(*
  Let u be a unit of Gamma lying in Gamma_g. Its inverse is homogeneous of degree g^-1, so
  conjugation by u is an O-automorphism alpha of Lambda = Gamma_1, and the hypothesis gives
  an isomorphism e Lambda ~ alpha(e) Lambda. For idempotents e, f such an isomorphism amounts
  to elements a in f Lambda e and b in e Lambda f with b a = e and a b = f. With f = u e u^-1,
  the element b u lies in e Gamma_g e and is a unit of e Gamma e with inverse u^-1 a.
  The grading of e Gamma e is obtained by applying x |-> e x e to homogeneous decompositions
  in Gamma.
*)
theory Submission
  imports Defs
begin

lemma corner_simps [simp]:
  "monoid.mult (corner R e) = monoid.mult R"
  "monoid.one (corner R e) = e"
  "ring.zero (corner R e) = ring.zero R"
  "ring.add (corner R e) = ring.add R"
  by (simp_all add: corner_def)

context ring
begin

lemma carrier_corner:
  assumes "e \<in> carrier R" "e \<otimes> e = e"
  shows "carrier (corner R e) = {x \<in> carrier R. e \<otimes> x = x \<and> x \<otimes> e = x}"
proof (intro equalityI subsetI)
  fix x assume "x \<in> carrier (corner R e)"
  then obtain y where "y \<in> carrier R" "x = e \<otimes> y \<otimes> e" by (auto simp: corner_def)
  with assms show "x \<in> {x \<in> carrier R. e \<otimes> x = x \<and> x \<otimes> e = x}"
    by (simp add: m_assoc flip: m_assoc[of e e])
next
  fix x assume "x \<in> {x \<in> carrier R. e \<otimes> x = x \<and> x \<otimes> e = x}"
  then show "x \<in> carrier (corner R e)" by (auto simp: corner_def intro!: image_eqI[where x = x])
qed

lemma ring_corner:
  assumes e: "e \<in> carrier R" "e \<otimes> e = e"
  shows "ring (corner R e)"
proof (rule ringI)
  show "abelian_group (corner R e)"
  proof (rule abelian_groupI)
    fix x assume x: "x \<in> carrier (corner R e)"
    show "\<exists>y\<in>carrier (corner R e). y \<oplus>\<^bsub>corner R e\<^esub> x = \<zero>\<^bsub>corner R e\<^esub>"
      using x e by (intro bexI[of _ "\<ominus> x"]) (simp_all add: carrier_corner l_neg l_minus r_minus)
  qed (use e in \<open>auto simp: carrier_corner l_distr r_distr a_ac\<close>)
  show "monoid (corner R e)"
    by (rule monoidI) (use e in \<open>auto simp: carrier_corner m_assoc simp flip: m_assoc[of e]\<close>)
qed (use e in \<open>auto simp: carrier_corner l_distr r_distr\<close>)

lemma finsum_corner:
  assumes e: "e \<in> carrier R" "e \<otimes> e = e" and f: "f \<in> I \<rightarrow> carrier (corner R e)"
  shows "finsum (corner R e) f I = finsum R f I"
proof -
  interpret C: ring "corner R e" using ring_corner[OF e] .
  show ?thesis
    using f
  proof (induction I rule: infinite_finite_induct)
    case (infinite I)
    then show ?case by (simp add: finsum_def finprod_def)
  next
    case empty
    then show ?case by simp
  next
    case (insert i I)
    have "f \<in> insert i I \<rightarrow> carrier R" using insert(4) e by (auto simp: carrier_corner)
    then show ?case using insert by simp
  qed
qed

lemma a_inv_corner:
  assumes e: "e \<in> carrier R" "e \<otimes> e = e" and x: "x \<in> carrier (corner R e)"
  shows "\<ominus>\<^bsub>corner R e\<^esub> x = \<ominus> x"
proof -
  interpret C: ring "corner R e" using ring_corner[OF e] .
  show ?thesis
    using e x by (intro C.minus_equality) (simp_all add: carrier_corner l_neg l_minus r_minus)
qed

lemma corner_central:
  assumes e: "e \<in> carrier R" "e \<otimes> e = e"
    and z: "z \<in> carrier R" "\<And>y. y \<in> carrier R \<Longrightarrow> z \<otimes> y = y \<otimes> z"
    and x: "x \<in> carrier (corner R e)"
  shows "z \<otimes> e \<otimes> x = x \<otimes> (z \<otimes> e)"
proof -
  have xR: "x \<in> carrier R" "e \<otimes> x = x" "x \<otimes> e = x" using x e by (simp_all add: carrier_corner)
  have "z \<otimes> e \<otimes> x = z \<otimes> x" using xR z(1) e by (simp add: m_assoc)
  also have "\<dots> = x \<otimes> z" using xR z by simp
  also have "\<dots> = x \<otimes> (e \<otimes> z)" using xR z e by (simp add: m_assoc[symmetric])
  also have "\<dots> = x \<otimes> (z \<otimes> e)" using z(2)[OF e(1)] by simp
  finally show ?thesis .
qed

lemma corner_Units_of_conjugate_idempotent:
  assumes e: "e \<in> carrier R" "e \<otimes> e = e" and u: "u \<in> Units R" and f: "f = u \<otimes> e \<otimes> inv u"
    and ab: "a \<in> carrier R" "b \<in> carrier R" "a \<otimes> e = a" "f \<otimes> a = a"
      "e \<otimes> b = b" "b \<otimes> f = b" "b \<otimes> a = e" "a \<otimes> b = f"
  shows "b \<otimes> u \<in> Units (corner R e)"
proof -
  have uc: "u \<in> carrier R" "inv u \<in> carrier R" using u by (simp_all add: Units_closed)
  have fu: "f \<otimes> u = u \<otimes> e" using f u uc e by (simp add: m_assoc)
  have uf: "inv u \<otimes> f = e \<otimes> inv u" using f u uc e by (simp add: m_assoc[symmetric])
  have fc: "f \<in> carrier R" using f uc e by simp
  have "b \<otimes> u \<otimes> e = b \<otimes> (f \<otimes> u)" using ab uc e by (simp add: m_assoc fu)
  also have "\<dots> = b \<otimes> u" using ab uc fc by (simp add: m_assoc[symmetric])
  finally have x: "b \<otimes> u \<in> carrier (corner R e)"
    using ab uc e by (simp add: carrier_corner m_assoc[symmetric])
  have "e \<otimes> (inv u \<otimes> a) = inv u \<otimes> f \<otimes> a" using ab uc e by (simp add: m_assoc[symmetric] uf)
  also have "\<dots> = inv u \<otimes> a" using ab uc fc by (simp add: m_assoc)
  finally have y: "inv u \<otimes> a \<in> carrier (corner R e)"
    using ab uc e by (simp add: carrier_corner m_assoc)
  have "u \<otimes> (inv u \<otimes> a) = a" using ab u uc by (simp add: m_assoc[symmetric])
  then have "b \<otimes> u \<otimes> (inv u \<otimes> a) = b \<otimes> a" using ab uc by (simp add: m_assoc)
  moreover have "inv u \<otimes> a \<otimes> (b \<otimes> u) = inv u \<otimes> (a \<otimes> b) \<otimes> u"
    using ab(1,2) uc by (simp add: m_assoc)
  moreover have "inv u \<otimes> f \<otimes> u = e" using uf u uc e by (simp add: m_assoc)
  ultimately show ?thesis using x y ab(7,8) by (auto simp: Units_def)
qed

lemma right_ideal_gen_idem:
  assumes "e \<in> carrier R" "e \<otimes> e = e"
  shows "right_ideal_gen R e = {x \<in> carrier R. e \<otimes> x = x}"
proof (intro equalityI subsetI)
  fix x assume "x \<in> right_ideal_gen R e"
  then show "x \<in> {x \<in> carrier R. e \<otimes> x = x}"
    using assms by (auto simp: right_ideal_gen_def m_assoc[symmetric])
next
  fix x assume "x \<in> {x \<in> carrier R. e \<otimes> x = x}"
  then have "x \<in> carrier R" "x = e \<otimes> x" by simp_all
  then show "x \<in> right_ideal_gen R e" unfolding right_ideal_gen_def by blast
qed

lemma right_module_iso_idempotentsE:
  assumes e: "e \<in> carrier R" "e \<otimes> e = e" and f: "f \<in> carrier R" "f \<otimes> f = f"
    and iso: "right_module_iso R (right_ideal_gen R e) (right_ideal_gen R f)"
  obtains a b where "a \<in> carrier R" "b \<in> carrier R" "a \<otimes> e = a" "f \<otimes> a = a"
    "e \<otimes> b = b" "b \<otimes> f = b" "b \<otimes> a = e" "a \<otimes> b = f"
proof -
  let ?eR = "{x \<in> carrier R. e \<otimes> x = x}" and ?fR = "{x \<in> carrier R. f \<otimes> x = x}"
  obtain \<theta> where \<theta>: "bij_betw \<theta> ?eR ?fR"
    and linear: "\<And>x r. x \<in> ?eR \<Longrightarrow> r \<in> carrier R \<Longrightarrow> \<theta> (x \<otimes> r) = \<theta> x \<otimes> r"
    using iso unfolding right_ideal_gen_idem[OF e] right_ideal_gen_idem[OF f]
    by (auto simp: right_module_iso_def)
  have eR_closed: "x \<otimes> r \<in> ?eR" if "x \<in> ?eR" "r \<in> carrier R" for x r
    using that e by (simp add: m_assoc[symmetric])
  have eR: "e \<in> ?eR" using e by simp
  define a where "a = \<theta> e"
  have a: "a \<in> ?fR" using \<theta> eR by (auto simp: a_def bij_betw_def)
  obtain b where b: "b \<in> ?eR" "\<theta> b = f" using \<theta> f by (force simp: bij_betw_def)
  have ae: "a \<otimes> e = a" using linear[OF eR e(1)] e(2) by (simp add: a_def)
  have "\<theta> (b \<otimes> a) = \<theta> e" using linear[of b a] a b by (simp add: a_def)
  then have ba: "b \<otimes> a = e" using \<theta> eR_closed[of b a] a b eR by (auto simp: bij_betw_def dest: inj_onD)
  have ab: "a \<otimes> b = f" using linear[OF eR, of b] b by (simp add: a_def)
  have "\<theta> (b \<otimes> f) = \<theta> b" using linear[of b f] b f by simp
  then have bf: "b \<otimes> f = b" using \<theta> eR_closed[of b f] b f by (auto simp: bij_betw_def dest: inj_onD)
  show thesis by (rule that) (use a b ae ba ab bf in simp_all)
qed

end

lemma group_gradedD:
  fixes A (structure)
  assumes "group_graded A G Gr"
  shows "ring A" "group G"
    and "g \<in> carrier G \<Longrightarrow> additive_subgroup (Gr g) A"
    and "g \<in> carrier G \<Longrightarrow> Gr g \<subseteq> carrier A"
    and "g \<in> carrier G \<Longrightarrow> h \<in> carrier G \<Longrightarrow> x \<in> Gr g \<Longrightarrow> y \<in> Gr h \<Longrightarrow>
      x \<otimes> y \<in> Gr (g \<otimes>\<^bsub>G\<^esub> h)"
    and "x \<in> carrier A \<Longrightarrow> \<exists>!f. f \<in> (\<Pi>\<^sub>E g\<in>carrier G. Gr g) \<and>
          finite {g\<in>carrier G. f g \<noteq> \<zero>} \<and> x = finsum A f {g\<in>carrier G. f g \<noteq> \<zero>}"
    and "f \<in> (\<Pi>\<^sub>E g\<in>carrier G. Gr g) \<Longrightarrow> S \<subseteq> carrier G \<Longrightarrow> f \<in> S \<rightarrow> carrier A"
    and "Gr \<one>\<^bsub>G\<^esub> \<subseteq> carrier A"
proof -
  show "ring A" and G: "group G" using assms by (simp_all add: group_graded_def)
  show sub: "additive_subgroup (Gr g) A" if "g \<in> carrier G" for g
    using assms that by (simp add: group_graded_def)
  then show sub_carrier: "Gr g \<subseteq> carrier A" if "g \<in> carrier G" for g
    using that additive_subgroup.a_subset by blast
  show "Gr \<one>\<^bsub>G\<^esub> \<subseteq> carrier A"
    using sub_carrier group.is_monoid[OF G] monoid.one_closed by blast
  show "f \<in> S \<rightarrow> carrier A" if "f \<in> (\<Pi>\<^sub>E g\<in>carrier G. Gr g)" "S \<subseteq> carrier G"
    using that sub_carrier by blast
  show "x \<otimes> y \<in> Gr (g \<otimes>\<^bsub>G\<^esub> h)"
    if "g \<in> carrier G" "h \<in> carrier G" "x \<in> Gr g" "y \<in> Gr h" for g h x y
    using assms that by (simp add: group_graded_def)
  show "\<exists>!f. f \<in> (\<Pi>\<^sub>E g\<in>carrier G. Gr g) \<and>
          finite {g\<in>carrier G. f g \<noteq> \<zero>} \<and> x = finsum A f {g\<in>carrier G. f g \<noteq> \<zero>}"
    if "x \<in> carrier A" for x
    using assms that by (simp add: group_graded_def)
qed

lemma group_graded_cong:
  assumes "\<And>g. g \<in> carrier G \<Longrightarrow> Gr g = Gr' g"
  shows "group_graded A G Gr \<longleftrightarrow> group_graded A G Gr'"
proof -
  have "Pi\<^sub>E (carrier G) Gr = Pi\<^sub>E (carrier G) Gr'" using assms by (rule PiE_cong)
  then show ?thesis
    unfolding group_graded_def using assms
    by (intro conj_cong refl) (auto simp: group.is_monoid monoid.m_closed)
qed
:::
## [WHAT YOU NEED TO DO]
In the listing above, find the line with "ultimately show ?thesis" and the line with "b] b by (simp add: a_def)"; output exactly those lines and all lines between them.

## [RESPONSE BOX]
  ultimately show ?thesis using x y ab(7,8) by (auto simp: Units_def)
qed

lemma right_ideal_gen_idem:
  assumes "e \<in> carrier R" "e \<otimes> e = e"
  shows "right_ideal_gen R e = {x \<in> carrier R. e \<otimes> x = x}"
proof (intro equalityI subsetI)
  fix x assume "x \<in> right_ideal_gen R e"
  then show "x \<in> {x \<in> carrier R. e \<otimes> x = x}"
    using assms by (auto simp: right_ideal_gen_def m_assoc[symmetric])
next
  fix x assume "x \<in> {x \<in> carrier R. e \<otimes> x = x}"
  then have "x \<in> carrier R" "x = e \<otimes> x" by simp_all
  then show "x \<in> right_ideal_gen R e" unfolding right_ideal_gen_def by blast
qed

lemma right_module_iso_idempotentsE:
  assumes e: "e \<in> carrier R" "e \<otimes> e = e" and f: "f \<in> carrier R" "f \<otimes> f = f"
    and iso: "right_module_iso R (right_ideal_gen R e) (right_ideal_gen R f)"
  obtains a b where "a \<in> carrier R" "b \<in> carrier R" "a \<otimes> e = a" "f \<otimes> a = a"
    "e \<otimes> b = b" "b \<otimes> f = b" "b \<otimes> a = e" "a \<otimes> b = f"
proof -
  let ?eR = "{x \<in> carrier R. e \<otimes> x = x}" and ?fR = "{x \<in> carrier R. f \<otimes> x = x}"
  obtain \<theta> where \<theta>: "bij_betw \<theta> ?eR ?fR"
    and linear: "\<And>x r. x \<in> ?eR \<Longrightarrow> r \<in> carrier R \<Longrightarrow> \<theta> (x \<otimes> r) = \<theta> x \<otimes> r"
    using iso unfolding right_ideal_gen_idem[OF e] right_ideal_gen_idem[OF f]
    by (auto simp: right_module_iso_def)
  have eR_closed: "x \<otimes> r \<in> ?eR" if "x \<in> ?eR" "r \<in> carrier R" for x r
    using that e by (simp add: m_assoc[symmetric])
  have eR: "e \<in> ?eR" using e by simp
  define a where "a = \<theta> e"
  have a: "a \<in> ?fR" using \<theta> eR by (auto simp: a_def bij_betw_def)
  obtain b where b: "b \<in> ?eR" "\<theta> b = f" using \<theta> f by (force simp: bij_betw_def)
  have ae: "a \<otimes> e = a" using linear[OF eR e(1)] e(2) by (simp add: a_def)
  have "\<theta> (b \<otimes> a) = \<theta> e" using linear[of b a] a b by (simp add: a_def)
  then have ba: "b \<otimes> a = e" using \<theta> eR_closed[of b a] a b eR by (auto simp: bij_betw_def dest: inj_onD)
  have ab: "a \<otimes> b = f" using linear[OF eR, of b] b by (simp add: a_def)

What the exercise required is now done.